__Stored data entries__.
BEGIN

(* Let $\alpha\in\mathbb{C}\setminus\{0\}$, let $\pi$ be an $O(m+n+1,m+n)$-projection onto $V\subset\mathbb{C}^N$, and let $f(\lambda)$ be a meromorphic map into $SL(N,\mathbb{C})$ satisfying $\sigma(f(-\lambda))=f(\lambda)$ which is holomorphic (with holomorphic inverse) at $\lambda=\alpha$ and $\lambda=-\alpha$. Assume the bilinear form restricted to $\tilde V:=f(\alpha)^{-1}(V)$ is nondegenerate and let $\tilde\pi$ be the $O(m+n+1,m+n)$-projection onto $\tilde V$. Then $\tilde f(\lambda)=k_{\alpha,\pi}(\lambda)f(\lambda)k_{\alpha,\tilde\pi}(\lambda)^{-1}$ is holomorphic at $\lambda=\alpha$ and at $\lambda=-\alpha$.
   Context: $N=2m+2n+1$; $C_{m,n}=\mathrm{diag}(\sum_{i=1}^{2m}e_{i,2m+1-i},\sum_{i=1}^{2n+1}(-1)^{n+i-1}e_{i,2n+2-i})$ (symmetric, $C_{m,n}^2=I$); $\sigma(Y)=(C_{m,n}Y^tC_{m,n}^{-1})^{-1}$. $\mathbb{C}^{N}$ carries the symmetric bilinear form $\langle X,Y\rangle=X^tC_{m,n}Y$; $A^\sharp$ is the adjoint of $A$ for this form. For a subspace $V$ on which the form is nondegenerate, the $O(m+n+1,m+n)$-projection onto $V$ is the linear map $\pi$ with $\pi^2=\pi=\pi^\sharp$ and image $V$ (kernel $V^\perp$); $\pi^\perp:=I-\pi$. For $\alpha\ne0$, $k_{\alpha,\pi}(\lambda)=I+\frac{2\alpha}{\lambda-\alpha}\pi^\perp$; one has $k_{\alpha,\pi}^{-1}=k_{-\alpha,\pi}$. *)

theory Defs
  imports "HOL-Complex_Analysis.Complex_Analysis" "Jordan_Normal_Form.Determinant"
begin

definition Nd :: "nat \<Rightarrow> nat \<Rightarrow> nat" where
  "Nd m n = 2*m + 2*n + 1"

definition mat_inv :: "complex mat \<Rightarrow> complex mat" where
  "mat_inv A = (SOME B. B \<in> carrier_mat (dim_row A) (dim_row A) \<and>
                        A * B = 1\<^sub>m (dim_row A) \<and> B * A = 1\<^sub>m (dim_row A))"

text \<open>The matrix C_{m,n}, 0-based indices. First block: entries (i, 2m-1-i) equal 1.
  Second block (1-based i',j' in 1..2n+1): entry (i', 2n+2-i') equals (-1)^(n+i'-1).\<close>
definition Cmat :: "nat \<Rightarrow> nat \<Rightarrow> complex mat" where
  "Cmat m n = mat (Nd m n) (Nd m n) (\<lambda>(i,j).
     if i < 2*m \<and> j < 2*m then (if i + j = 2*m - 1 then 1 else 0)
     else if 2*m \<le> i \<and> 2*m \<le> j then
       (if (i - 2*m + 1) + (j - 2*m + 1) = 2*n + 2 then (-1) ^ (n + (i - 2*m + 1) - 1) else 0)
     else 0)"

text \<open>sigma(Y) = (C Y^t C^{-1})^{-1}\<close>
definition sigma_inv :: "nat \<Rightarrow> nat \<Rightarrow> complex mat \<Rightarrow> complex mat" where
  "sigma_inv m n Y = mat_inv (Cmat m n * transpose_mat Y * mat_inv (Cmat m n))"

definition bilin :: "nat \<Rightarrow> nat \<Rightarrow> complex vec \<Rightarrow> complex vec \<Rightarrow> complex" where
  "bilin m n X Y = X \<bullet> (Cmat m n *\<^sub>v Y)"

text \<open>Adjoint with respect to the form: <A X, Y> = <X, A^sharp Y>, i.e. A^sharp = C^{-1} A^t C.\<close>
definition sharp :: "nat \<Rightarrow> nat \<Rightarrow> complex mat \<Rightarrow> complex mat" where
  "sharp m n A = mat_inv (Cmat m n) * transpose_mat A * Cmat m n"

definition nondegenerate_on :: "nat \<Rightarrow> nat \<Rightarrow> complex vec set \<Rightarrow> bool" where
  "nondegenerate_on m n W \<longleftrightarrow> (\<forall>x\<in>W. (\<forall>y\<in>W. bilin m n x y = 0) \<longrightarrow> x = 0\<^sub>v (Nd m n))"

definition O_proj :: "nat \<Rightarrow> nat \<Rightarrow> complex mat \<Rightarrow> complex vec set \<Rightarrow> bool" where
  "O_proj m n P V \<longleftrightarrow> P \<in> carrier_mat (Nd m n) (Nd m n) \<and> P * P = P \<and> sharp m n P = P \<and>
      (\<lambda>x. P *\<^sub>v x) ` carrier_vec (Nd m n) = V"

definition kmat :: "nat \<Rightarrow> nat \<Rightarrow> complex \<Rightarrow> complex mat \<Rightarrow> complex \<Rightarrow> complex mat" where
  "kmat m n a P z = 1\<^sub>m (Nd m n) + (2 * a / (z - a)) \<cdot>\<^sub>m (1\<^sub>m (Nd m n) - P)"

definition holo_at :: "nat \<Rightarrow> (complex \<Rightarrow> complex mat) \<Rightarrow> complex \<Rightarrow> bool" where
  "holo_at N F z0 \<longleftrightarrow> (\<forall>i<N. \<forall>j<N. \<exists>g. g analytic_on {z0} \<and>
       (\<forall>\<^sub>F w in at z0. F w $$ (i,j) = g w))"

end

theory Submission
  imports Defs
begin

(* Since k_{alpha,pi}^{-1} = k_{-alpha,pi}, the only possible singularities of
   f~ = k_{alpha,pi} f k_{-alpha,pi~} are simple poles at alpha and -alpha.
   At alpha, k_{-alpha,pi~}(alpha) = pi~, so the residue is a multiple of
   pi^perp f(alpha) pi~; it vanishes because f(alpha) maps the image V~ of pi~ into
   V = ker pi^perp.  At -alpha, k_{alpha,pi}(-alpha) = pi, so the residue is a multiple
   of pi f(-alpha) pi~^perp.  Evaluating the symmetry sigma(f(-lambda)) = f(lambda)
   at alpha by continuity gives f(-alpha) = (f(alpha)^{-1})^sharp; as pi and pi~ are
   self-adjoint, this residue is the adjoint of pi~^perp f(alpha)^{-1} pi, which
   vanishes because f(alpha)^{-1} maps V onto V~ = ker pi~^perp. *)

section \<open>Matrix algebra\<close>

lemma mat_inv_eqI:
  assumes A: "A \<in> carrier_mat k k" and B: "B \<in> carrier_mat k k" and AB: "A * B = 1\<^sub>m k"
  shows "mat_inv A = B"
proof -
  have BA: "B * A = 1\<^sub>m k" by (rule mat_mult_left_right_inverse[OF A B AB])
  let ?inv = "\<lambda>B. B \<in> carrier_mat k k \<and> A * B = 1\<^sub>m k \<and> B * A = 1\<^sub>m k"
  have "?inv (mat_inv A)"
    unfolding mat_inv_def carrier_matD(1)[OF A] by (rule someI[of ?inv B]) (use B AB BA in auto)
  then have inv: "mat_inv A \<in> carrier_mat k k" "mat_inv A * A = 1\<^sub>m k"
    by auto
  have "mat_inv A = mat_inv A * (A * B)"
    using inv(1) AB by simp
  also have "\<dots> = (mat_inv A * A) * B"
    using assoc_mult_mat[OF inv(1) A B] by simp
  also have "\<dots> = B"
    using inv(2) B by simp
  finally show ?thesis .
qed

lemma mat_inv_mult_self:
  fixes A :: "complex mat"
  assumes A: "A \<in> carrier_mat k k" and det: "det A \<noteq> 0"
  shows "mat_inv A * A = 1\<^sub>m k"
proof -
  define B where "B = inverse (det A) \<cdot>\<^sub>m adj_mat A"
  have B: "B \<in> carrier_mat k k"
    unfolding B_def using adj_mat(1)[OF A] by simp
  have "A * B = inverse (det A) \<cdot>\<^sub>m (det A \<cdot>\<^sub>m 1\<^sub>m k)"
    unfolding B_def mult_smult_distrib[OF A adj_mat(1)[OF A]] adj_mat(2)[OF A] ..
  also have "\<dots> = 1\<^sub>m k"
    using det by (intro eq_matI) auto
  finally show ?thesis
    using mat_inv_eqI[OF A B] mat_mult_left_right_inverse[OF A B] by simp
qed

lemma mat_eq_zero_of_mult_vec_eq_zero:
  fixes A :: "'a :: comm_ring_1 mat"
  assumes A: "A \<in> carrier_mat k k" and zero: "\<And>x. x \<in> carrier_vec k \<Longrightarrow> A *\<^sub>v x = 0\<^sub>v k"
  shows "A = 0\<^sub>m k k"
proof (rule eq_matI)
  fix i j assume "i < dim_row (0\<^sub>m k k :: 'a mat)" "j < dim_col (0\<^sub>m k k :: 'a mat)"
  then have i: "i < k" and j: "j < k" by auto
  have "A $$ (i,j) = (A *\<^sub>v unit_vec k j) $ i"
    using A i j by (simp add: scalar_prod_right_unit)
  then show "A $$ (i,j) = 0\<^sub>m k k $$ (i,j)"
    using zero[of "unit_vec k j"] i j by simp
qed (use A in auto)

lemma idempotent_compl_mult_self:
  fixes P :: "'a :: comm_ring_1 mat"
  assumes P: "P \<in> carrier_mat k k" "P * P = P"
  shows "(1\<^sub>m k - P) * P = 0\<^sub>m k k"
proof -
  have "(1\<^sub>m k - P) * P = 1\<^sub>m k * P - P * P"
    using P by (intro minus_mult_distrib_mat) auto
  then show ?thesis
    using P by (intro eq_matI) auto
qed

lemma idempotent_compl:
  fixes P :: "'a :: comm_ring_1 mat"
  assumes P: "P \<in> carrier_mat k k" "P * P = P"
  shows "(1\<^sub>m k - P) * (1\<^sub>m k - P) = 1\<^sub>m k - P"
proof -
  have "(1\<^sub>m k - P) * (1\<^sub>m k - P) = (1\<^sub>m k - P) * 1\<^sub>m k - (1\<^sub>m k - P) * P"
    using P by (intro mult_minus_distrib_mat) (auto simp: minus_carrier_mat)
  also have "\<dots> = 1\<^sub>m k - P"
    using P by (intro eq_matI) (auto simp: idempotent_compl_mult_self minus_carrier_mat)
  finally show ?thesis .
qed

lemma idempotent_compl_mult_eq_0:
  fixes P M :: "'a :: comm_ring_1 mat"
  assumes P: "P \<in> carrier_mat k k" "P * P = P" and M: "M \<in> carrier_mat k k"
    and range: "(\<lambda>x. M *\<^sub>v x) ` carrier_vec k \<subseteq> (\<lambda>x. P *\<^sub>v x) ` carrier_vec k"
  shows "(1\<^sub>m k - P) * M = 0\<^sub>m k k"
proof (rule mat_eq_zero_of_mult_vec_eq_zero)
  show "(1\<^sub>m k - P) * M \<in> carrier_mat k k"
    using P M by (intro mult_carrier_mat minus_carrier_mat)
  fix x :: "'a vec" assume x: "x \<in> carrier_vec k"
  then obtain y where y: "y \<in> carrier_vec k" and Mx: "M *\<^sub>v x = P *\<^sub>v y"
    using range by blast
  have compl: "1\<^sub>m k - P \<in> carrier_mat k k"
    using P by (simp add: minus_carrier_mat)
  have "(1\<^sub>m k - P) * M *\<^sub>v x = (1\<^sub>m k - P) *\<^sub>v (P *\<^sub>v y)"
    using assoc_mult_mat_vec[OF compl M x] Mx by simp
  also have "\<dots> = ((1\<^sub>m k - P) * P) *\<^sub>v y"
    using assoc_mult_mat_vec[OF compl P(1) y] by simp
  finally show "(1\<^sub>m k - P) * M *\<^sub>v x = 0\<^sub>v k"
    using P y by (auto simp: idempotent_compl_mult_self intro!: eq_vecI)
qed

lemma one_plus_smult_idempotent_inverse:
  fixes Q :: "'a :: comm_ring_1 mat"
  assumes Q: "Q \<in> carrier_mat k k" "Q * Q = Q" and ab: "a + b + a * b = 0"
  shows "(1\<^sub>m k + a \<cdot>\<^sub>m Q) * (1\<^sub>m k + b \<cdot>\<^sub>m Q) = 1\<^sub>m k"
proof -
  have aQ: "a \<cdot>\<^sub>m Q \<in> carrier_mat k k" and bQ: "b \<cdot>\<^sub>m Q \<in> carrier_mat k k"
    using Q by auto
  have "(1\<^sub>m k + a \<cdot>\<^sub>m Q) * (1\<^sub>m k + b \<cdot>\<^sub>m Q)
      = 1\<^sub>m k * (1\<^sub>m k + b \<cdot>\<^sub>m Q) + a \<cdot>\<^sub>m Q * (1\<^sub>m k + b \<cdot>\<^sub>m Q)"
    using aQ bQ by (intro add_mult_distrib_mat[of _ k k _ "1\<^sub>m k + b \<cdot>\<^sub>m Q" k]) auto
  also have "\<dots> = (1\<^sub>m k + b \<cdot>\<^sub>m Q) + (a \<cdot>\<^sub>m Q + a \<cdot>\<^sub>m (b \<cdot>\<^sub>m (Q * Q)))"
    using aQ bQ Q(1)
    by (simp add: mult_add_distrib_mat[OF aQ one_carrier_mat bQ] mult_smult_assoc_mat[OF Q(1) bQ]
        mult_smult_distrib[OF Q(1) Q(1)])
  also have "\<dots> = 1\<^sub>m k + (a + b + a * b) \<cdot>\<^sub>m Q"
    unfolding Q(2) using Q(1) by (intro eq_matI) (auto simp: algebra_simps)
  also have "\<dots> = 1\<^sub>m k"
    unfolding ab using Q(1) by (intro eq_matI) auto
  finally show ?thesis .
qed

END

__EXERCISE OBJECTIVE__. Determine how many lines in the data include "unfolding", and let the answer be that number alone.

__EXPECTED OUTPUT__. 5